> [Prompt]: Let the line containing "(\<forall>(j, i, c)" serve as the first line of the answer and the final line of the entries as its last, with every line between copied exactly.

> [Data]:
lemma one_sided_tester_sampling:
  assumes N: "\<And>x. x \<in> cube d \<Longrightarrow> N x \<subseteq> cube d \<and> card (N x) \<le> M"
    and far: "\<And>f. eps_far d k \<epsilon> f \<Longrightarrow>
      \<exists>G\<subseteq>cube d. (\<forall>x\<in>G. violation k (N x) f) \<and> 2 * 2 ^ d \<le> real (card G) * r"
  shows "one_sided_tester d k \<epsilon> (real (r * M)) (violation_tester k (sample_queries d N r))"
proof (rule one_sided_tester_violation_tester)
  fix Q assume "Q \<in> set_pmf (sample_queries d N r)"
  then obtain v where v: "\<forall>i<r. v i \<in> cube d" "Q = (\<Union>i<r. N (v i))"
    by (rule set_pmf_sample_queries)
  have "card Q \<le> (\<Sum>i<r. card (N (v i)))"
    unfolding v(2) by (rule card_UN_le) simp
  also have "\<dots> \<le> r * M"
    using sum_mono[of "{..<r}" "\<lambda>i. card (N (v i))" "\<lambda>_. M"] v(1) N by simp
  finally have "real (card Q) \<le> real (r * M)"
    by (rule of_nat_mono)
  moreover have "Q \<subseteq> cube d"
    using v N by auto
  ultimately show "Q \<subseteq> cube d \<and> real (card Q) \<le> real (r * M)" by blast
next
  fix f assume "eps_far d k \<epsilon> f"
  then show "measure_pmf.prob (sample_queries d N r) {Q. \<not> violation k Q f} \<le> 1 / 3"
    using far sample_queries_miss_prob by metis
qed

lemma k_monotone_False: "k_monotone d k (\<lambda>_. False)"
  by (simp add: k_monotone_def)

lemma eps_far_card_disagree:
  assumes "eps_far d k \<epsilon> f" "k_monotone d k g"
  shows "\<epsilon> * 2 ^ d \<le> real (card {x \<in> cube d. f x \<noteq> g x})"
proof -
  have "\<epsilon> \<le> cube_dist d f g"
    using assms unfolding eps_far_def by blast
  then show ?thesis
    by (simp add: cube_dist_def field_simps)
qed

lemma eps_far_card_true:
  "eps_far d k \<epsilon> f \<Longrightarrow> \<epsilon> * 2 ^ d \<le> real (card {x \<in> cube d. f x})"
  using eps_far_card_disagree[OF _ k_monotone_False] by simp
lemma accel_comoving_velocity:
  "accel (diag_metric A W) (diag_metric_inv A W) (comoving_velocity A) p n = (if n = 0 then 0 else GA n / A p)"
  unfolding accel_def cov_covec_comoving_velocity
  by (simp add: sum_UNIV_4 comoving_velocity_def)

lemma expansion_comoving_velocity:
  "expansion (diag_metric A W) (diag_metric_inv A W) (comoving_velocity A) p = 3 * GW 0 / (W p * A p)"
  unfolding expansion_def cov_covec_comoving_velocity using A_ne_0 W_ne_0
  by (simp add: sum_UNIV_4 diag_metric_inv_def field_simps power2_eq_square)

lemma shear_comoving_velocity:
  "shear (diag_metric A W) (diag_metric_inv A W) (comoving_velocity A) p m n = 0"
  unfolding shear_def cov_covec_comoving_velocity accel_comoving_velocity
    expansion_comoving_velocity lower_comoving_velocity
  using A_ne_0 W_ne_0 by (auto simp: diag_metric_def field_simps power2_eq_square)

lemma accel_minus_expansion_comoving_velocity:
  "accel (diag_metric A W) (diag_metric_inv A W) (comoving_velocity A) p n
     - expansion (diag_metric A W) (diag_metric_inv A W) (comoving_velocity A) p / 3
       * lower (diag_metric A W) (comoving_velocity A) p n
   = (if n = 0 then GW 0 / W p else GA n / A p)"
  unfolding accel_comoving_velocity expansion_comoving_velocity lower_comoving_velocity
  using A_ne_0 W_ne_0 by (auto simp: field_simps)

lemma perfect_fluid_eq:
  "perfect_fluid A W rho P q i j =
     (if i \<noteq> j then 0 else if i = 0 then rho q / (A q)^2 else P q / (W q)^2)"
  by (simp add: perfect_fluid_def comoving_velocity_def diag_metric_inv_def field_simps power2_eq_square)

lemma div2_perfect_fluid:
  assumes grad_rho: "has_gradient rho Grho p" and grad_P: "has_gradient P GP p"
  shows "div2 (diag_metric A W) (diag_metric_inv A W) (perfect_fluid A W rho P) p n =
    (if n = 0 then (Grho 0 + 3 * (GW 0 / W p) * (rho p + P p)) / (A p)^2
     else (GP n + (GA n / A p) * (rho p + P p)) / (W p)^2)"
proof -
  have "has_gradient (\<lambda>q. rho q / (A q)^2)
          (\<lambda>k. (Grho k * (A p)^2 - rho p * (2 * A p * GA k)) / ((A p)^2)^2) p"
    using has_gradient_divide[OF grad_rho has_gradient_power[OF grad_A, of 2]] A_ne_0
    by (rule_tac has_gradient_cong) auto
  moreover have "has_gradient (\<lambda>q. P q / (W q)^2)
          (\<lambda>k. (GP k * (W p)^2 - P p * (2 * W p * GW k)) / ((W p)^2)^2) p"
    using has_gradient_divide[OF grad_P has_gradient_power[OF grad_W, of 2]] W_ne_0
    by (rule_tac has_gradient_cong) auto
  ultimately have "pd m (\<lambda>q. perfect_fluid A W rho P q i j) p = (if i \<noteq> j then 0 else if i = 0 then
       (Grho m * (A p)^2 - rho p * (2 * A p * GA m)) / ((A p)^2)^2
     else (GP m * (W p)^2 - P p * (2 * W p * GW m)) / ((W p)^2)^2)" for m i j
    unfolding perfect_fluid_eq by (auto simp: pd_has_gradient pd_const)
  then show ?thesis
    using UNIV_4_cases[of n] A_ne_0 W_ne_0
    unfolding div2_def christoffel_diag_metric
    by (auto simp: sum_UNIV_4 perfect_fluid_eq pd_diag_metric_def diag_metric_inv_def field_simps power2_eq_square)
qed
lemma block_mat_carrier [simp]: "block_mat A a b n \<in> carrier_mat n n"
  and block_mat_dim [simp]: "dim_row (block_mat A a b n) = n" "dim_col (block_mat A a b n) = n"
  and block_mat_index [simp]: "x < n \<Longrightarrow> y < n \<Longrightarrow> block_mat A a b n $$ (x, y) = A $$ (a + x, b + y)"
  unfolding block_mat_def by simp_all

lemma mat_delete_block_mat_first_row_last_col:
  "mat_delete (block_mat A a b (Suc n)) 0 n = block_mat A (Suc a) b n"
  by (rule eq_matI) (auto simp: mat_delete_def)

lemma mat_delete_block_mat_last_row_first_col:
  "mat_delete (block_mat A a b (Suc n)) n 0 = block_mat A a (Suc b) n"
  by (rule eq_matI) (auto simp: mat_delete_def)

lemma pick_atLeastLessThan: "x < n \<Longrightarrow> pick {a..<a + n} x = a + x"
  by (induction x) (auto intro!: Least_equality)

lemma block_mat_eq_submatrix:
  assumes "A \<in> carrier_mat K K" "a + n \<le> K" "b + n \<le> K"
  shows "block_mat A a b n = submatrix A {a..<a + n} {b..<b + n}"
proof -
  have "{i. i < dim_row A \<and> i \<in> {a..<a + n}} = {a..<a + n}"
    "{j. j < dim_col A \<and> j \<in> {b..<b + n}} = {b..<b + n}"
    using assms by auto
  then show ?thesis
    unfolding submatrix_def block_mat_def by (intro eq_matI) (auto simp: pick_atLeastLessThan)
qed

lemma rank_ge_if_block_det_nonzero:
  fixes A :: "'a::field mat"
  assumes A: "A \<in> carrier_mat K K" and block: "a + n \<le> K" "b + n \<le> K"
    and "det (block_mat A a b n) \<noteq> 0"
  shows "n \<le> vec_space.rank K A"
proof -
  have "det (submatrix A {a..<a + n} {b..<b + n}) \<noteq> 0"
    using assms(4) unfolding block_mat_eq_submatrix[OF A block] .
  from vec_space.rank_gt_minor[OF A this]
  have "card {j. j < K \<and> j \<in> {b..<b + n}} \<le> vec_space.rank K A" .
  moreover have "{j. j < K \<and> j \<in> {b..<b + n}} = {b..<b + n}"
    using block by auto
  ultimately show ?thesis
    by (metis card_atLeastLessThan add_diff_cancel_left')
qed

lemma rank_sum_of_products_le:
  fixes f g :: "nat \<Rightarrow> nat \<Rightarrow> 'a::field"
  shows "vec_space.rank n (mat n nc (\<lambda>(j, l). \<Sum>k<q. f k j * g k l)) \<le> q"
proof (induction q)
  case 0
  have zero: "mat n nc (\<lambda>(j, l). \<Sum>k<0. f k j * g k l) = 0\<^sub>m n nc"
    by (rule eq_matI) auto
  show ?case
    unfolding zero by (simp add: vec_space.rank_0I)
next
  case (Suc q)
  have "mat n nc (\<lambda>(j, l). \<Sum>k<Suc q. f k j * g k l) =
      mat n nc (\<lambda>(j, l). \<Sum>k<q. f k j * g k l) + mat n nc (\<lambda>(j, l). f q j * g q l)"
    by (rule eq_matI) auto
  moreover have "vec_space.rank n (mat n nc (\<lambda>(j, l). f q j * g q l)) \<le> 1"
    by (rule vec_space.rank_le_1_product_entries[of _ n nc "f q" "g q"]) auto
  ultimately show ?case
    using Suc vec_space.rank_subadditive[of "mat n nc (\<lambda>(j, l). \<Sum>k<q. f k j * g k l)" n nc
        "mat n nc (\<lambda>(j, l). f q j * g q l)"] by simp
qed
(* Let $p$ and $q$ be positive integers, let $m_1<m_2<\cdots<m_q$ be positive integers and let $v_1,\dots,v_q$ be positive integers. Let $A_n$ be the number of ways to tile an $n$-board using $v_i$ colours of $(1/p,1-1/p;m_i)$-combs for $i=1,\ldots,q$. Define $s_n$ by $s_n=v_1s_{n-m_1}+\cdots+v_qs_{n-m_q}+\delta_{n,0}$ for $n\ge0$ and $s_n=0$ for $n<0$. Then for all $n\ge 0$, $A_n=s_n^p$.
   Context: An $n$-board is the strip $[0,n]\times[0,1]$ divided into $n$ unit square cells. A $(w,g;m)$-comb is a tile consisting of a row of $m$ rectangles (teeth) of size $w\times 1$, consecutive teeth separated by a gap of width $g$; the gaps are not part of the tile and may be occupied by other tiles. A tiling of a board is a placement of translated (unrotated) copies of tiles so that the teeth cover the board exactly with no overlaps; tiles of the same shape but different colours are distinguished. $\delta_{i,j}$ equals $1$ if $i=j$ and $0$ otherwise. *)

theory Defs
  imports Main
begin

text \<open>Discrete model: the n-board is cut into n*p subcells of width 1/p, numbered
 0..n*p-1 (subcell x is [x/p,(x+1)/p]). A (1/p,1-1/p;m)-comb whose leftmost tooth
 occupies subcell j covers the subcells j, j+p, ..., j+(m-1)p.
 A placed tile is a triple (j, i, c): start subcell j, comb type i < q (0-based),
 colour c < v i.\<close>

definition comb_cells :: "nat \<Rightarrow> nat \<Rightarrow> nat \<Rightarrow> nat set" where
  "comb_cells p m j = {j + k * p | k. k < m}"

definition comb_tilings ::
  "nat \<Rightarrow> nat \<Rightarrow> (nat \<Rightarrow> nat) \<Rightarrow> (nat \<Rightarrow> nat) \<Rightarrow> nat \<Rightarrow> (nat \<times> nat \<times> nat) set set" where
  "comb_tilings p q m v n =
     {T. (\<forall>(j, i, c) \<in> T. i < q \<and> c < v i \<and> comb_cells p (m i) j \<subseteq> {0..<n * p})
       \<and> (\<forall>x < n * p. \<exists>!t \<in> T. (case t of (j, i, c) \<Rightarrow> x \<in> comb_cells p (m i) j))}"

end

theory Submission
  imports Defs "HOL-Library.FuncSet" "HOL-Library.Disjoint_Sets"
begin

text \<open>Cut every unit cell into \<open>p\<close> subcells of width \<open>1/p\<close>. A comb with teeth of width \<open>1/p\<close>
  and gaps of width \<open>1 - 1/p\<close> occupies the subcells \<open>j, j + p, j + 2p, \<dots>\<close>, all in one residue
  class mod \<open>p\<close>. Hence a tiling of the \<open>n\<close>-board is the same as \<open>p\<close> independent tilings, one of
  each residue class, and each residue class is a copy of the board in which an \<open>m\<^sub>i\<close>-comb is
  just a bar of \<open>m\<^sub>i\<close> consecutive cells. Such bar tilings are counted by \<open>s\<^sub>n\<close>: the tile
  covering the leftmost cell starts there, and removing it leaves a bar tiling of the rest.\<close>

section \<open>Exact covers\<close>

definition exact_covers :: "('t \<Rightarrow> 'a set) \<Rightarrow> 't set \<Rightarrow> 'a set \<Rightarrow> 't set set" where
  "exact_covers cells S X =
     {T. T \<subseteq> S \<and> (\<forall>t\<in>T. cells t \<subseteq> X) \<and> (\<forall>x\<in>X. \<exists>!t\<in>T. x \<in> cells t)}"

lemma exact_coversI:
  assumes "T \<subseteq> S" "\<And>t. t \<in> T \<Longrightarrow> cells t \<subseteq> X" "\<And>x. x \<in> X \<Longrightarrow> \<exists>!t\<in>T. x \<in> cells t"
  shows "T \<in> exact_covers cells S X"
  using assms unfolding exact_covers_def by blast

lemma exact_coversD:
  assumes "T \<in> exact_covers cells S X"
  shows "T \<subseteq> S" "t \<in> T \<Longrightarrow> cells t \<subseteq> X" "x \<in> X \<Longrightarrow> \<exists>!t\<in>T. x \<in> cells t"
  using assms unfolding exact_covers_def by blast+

> [Answer]:
     {T. (\<forall>(j, i, c) \<in> T. i < q \<and> c < v i \<and> comb_cells p (m i) j \<subseteq> {0..<n * p})
       \<and> (\<forall>x < n * p. \<exists>!t \<in> T. (case t of (j, i, c) \<Rightarrow> x \<in> comb_cells p (m i) j))}"

end

theory Submission
  imports Defs "HOL-Library.FuncSet" "HOL-Library.Disjoint_Sets"
begin

text \<open>Cut every unit cell into \<open>p\<close> subcells of width \<open>1/p\<close>. A comb with teeth of width \<open>1/p\<close>
  and gaps of width \<open>1 - 1/p\<close> occupies the subcells \<open>j, j + p, j + 2p, \<dots>\<close>, all in one residue
  class mod \<open>p\<close>. Hence a tiling of the \<open>n\<close>-board is the same as \<open>p\<close> independent tilings, one of
  each residue class, and each residue class is a copy of the board in which an \<open>m\<^sub>i\<close>-comb is
  just a bar of \<open>m\<^sub>i\<close> consecutive cells. Such bar tilings are counted by \<open>s\<^sub>n\<close>: the tile
  covering the leftmost cell starts there, and removing it leaves a bar tiling of the rest.\<close>

section \<open>Exact covers\<close>

definition exact_covers :: "('t \<Rightarrow> 'a set) \<Rightarrow> 't set \<Rightarrow> 'a set \<Rightarrow> 't set set" where
  "exact_covers cells S X =
     {T. T \<subseteq> S \<and> (\<forall>t\<in>T. cells t \<subseteq> X) \<and> (\<forall>x\<in>X. \<exists>!t\<in>T. x \<in> cells t)}"

lemma exact_coversI:
  assumes "T \<subseteq> S" "\<And>t. t \<in> T \<Longrightarrow> cells t \<subseteq> X" "\<And>x. x \<in> X \<Longrightarrow> \<exists>!t\<in>T. x \<in> cells t"
  shows "T \<in> exact_covers cells S X"
  using assms unfolding exact_covers_def by blast

lemma exact_coversD:
  assumes "T \<in> exact_covers cells S X"
  shows "T \<subseteq> S" "t \<in> T \<Longrightarrow> cells t \<subseteq> X" "x \<in> X \<Longrightarrow> \<exists>!t\<in>T. x \<in> cells t"
  using assms unfolding exact_covers_def by blast+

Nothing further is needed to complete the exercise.